4 Favourite Canadian University Towns

What to see, do and eat in these scholarly towns


 

St. Catharines, Ontario

Nicknamed “The Garden City”, thanks to its extensive network of parks and trails, this charming city on the Niagara escarpment is home to Brock University. It’s only 15 minutes from Niagara Falls and close by the Niagara wine region.

Welland Canals Centre

This famous canal connects Lake Ontario to Lake Erie, while moving ships up and down the Niagara Escarpment and bypassing Niagara Falls. You can get up close to the ships from around the world as they navigate the canal from the centre’s observation platform. The centre also houses the St. Catharines Museum and Ontario Lacrosse Hall of Fame.

Port Dalhousie

Close by (a 15-minute drive from St. Catharines) is the historic village of Port Dalhousie on the south shores of Lake Ontario. Stroll around this pretty town and browse the local boutiques and galleries, and then pop into Pier 61 for lunch—try the fish tacos.

Toi Restaurant

Toi puts a twist on classic Vietnamese dishes; think savory crepes with coconut milk rice batter, turmeric and chicken. The dinner menu features an extensive tapas selection as well as pad Thai, stir-fry and seafood dishes.

Kingston, Ontario

This beautiful town looks its best in the fall. About halfway between Toronto and Ottawa, Kingston is ripe with history (it served as Canada’s first capital for a few years), and features parks, rivers, cobblestone downtown streets and the beautiful campus of Queen’s University.

Kingston Public Market

Kingston is home to Ontario’s oldest markets, around since 1801. The market is in downtown Kingston, right behind City Hall and is open Tuesday, Thursday and Saturday from April to November.
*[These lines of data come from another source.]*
definition ell_n :: "nat \<Rightarrow> (nat \<Rightarrow> 'a) \<Rightarrow> (nat \<Rightarrow> real) \<Rightarrow> (nat \<Rightarrow> nat) \<Rightarrow> ('a \<Rightarrow> real) \<Rightarrow> real" where
  "ell_n n X T I f =
     (1 / real n) * (\<Sum>i<n. Nproc T I i 1 * ln (S_n n X T f (T i)))
     - (1 / real n) * (\<Sum>i<n. f (X i) * Nproc T I i 1)"

definition ell_pen ::
  "(('a \<Rightarrow> real) \<Rightarrow> ('a \<Rightarrow> real) \<Rightarrow> real) \<Rightarrow> real \<Rightarrow> nat \<Rightarrow> (nat \<Rightarrow> 'a) \<Rightarrow> (nat \<Rightarrow> real)
     \<Rightarrow> (nat \<Rightarrow> nat) \<Rightarrow> ('a \<Rightarrow> real) \<Rightarrow> real" where
  "ell_pen ip \<gamma> n X T I f =
     ell_n n X T I f
     + \<gamma> * hnorm2 ip (\<lambda>x. f x - P_n n X f * 1)
     + \<gamma> * (P_n n X f)\<^sup>2"

(* the vectors of R^{n+1}, components indexed 0..n *)
definition v0 :: "(('a \<Rightarrow> real) \<Rightarrow> ('a \<Rightarrow> real) \<Rightarrow> real) \<Rightarrow> nat \<Rightarrow> real" where
  "v0 ip j = (if j = 0 then hnorm2 ip (\<lambda>_. 1) else 1)"

definition wvec :: "('a \<Rightarrow> 'a \<Rightarrow> real) \<Rightarrow> (nat \<Rightarrow> 'a) \<Rightarrow> nat \<Rightarrow> nat \<Rightarrow> real" where
  "wvec k X i j = (if j = 0 then 1 else k (X i) (X (j - 1)))"

definition indep_family ::
  "(('a \<Rightarrow> real) \<Rightarrow> ('a \<Rightarrow> real) \<Rightarrow> real) \<Rightarrow> ('a \<Rightarrow> 'a \<Rightarrow> real) \<Rightarrow> nat \<Rightarrow> (nat \<Rightarrow> 'a)
     \<Rightarrow> nat set \<Rightarrow> bool" where
  "indep_family ip k n X A \<longleftrightarrow>
     (\<forall>(c0::real) (c::nat \<Rightarrow> real).
        (\<forall>j\<le>n. c0 * v0 ip j + (\<Sum>i\<in>A. c i * wvec k X i j) = 0)
        \<longrightarrow> c0 = 0 \<and> (\<forall>i\<in>A. c i = 0))"

definition kbar :: "('a \<Rightarrow> 'a \<Rightarrow> real) \<Rightarrow> nat \<Rightarrow> (nat \<Rightarrow> 'a) \<Rightarrow> 'a \<Rightarrow> real" where
  "kbar k n X y = (1 / real n) * (\<Sum>i<n. k (X i) y)"

definition ktilde :: "('a \<Rightarrow> 'a \<Rightarrow> real) \<Rightarrow> nat \<Rightarrow> (nat \<Rightarrow> 'a) \<Rightarrow> 'a \<Rightarrow> 'a \<Rightarrow> real" where
  "ktilde k n X x y = k x y - kbar k n X y"

(* f_beta, for beta \<in> R^A represented as nat \<Rightarrow> real (only values on A matter) *)
definition f_beta :: "('a \<Rightarrow> 'a \<Rightarrow> real) \<Rightarrow> nat \<Rightarrow> (nat \<Rightarrow> 'a) \<Rightarrow> nat set \<Rightarrow> (nat \<Rightarrow> real) \<Rightarrow> 'a \<Rightarrow> real" where
  "f_beta k n X A \<beta> x = (\<Sum>i\<in>A. ktilde k n X x (X i) * \<beta> i)"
Visitors can shop local produce, meat, baked goods, crafts and other locally made wares like cosmetics and bath products from the Kingston Soap Company.
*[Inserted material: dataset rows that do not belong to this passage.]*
lemma abv_less_perturb:
  assumes "abv b < abv a" "abv (a' - a) < r" "abv (b' - b) < r" "r \<le> abv a"
  shows "abv b' < abv a'"
proof -
  have "abv a' = abv a" using abv_add_eq_left[of "a' - a" a] assms(2,4) by simp
  moreover have "abv b' < abv a" using abv_add_less[of b "abv a" "b' - b"] assms by simp
  ultimately show ?thesis by simp
qed

lemma abv_quotient_perturb:
  assumes "abv a \<le> abv b" "c \<le> abv b" "abv (a' - a) < e" "abv (b' - b) < e" "e \<le> c"
  shows "b' \<noteq> 0 \<and> abv (a' / b' - a / b) < e / c"
proof -
  have e0: "0 < e" using assms(3) abv_nonneg[of "a' - a"] by simp
  then have b0: "0 < abv b" using assms(2,5) by simp
  have "abv b' = abv b" using abv_add_eq_left[of "b' - b" b] assms(2,4,5) by simp
  then have "b' \<noteq> 0" "b \<noteq> 0" using b0 by auto
  then have quot: "a' / b' - a / b = ((a' - a) * b - a * (b' - b)) / (b' * b)"
    by (simp add: field_simps)
  have "abv (a * (b' - b)) \<le> abv b * abv (b' - b)"
    using assms(1) by (simp add: abv_mult mult_right_mono abv_nonneg)
  also have "\<dots> < abv b * e" using assms(4) b0 by simp
  finally have "abv ((a' - a) * b - a * (b' - b)) < e * abv b"
    using assms(3) b0 by (intro abv_diff_less) (simp_all add: abv_mult mult.commute)
  then have "abv (a' / b' - a / b) < e * abv b / (abv b * abv b)"
    unfolding quot abv_divide abv_mult \<open>abv b' = abv b\<close> using b0
    by (intro divide_strict_right_mono) auto
  also have "\<dots> = e / abv b" using b0 by simp
  also have "\<dots> \<le> e / c" using assms(2) b0 e0 assms(5) by (simp add: divide_left_mono)
  finally show ?thesis using \<open>b' \<noteq> 0\<close> by blast
qed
Chez Piggy Restaurant & Bar

Foodies won’t want to miss Chez Piggy, or “the pig” as it’s known locally, one of the city’s most popular restaurants. More than 30 years ago, a local culinary couple renovated an abandoned limestone stable in downtown Kingston and created this culinary gem. The Sunday brunch can’t be missed especially when it includes items like fresh oysters and vanilla French toast with applesauce.    

Prince Edward County

About an hour from Kingston is Prince Edward County, one of Ontario’s newest wine regions, home to a number of wineries, breweries and cideries. Visitors will also stumble upon organic farms, great restaurants, beaches, theatres and galleries in this stunning area along the eastern end of Lake Ontario.

Lethbridge, Alberta

This southern Alberta town is big on outdoor adventure. The Oldman River runs through the city, making for many pleasant walking trails. Or get on the river for a paddle. The town is also rich in history and culture and home to the University of Lethbridge.

Head-Smashed-In-Buffalo-Jump

This archaeological site is one of the world’s oldest and largest buffalo jumps, used by Native people as a method of hunting for more than 6,000 years. Less than an hour drive from Lethbridge, guests can explore the interpretation centre and check out the artifacts and exhibits at this UNESCO World Heritage Site.  

The Southern Alberta Art Gallery

There are a few galleries to choose from in town but we like the Southern Alberta Art Gallery for its contemporary exhibits and art by local, national and international artists.

Two Guys and A Pizza Place

This popular spot has been serving up what locals call the best pizza in Lethbridge for more than a decade. Hand-tossed dough is cooked up in the brick-oven and the best local ingredients, including a secret-recipe pizza sauce, are used to create these delicious pies.

Nanaimo, British Columbia

The options for outdoor recreation are endless in this city—hike, bike, fish, swim, climb or golf—most of which you can do year-round thanks to the mild climate. Once you’ve worked up an appetite check out the impressive culinary scene at one of the city’s many restaurants. The main campus of Vancouver Island University is close to the action downtown.

Newcastle Island

This marine provincial park is located within Nanaimo’s harbour and only accessible by foot-passenger ferry or boat but the views alone are worth the trip. There are also trails for hiking or biking and a beach.

The Nanaimo Bar Trail

You really can’t go to the home of the Nanaimo bar without having one, or 34, if you decide to do the whole trail. Stop by the visitor centre for a brochure that will help you map out your bar stops route.

Longwood Brew Pub

This popular spot has an impressive selection of beers made in-house and a great locally sourced menu—don’t miss brunch on Sunday mornings. Hang out in the casual pub or stay on the main restaurant level for great views of the mountains. On Saturdays there are tours of the brewery and a tasting (book ahead).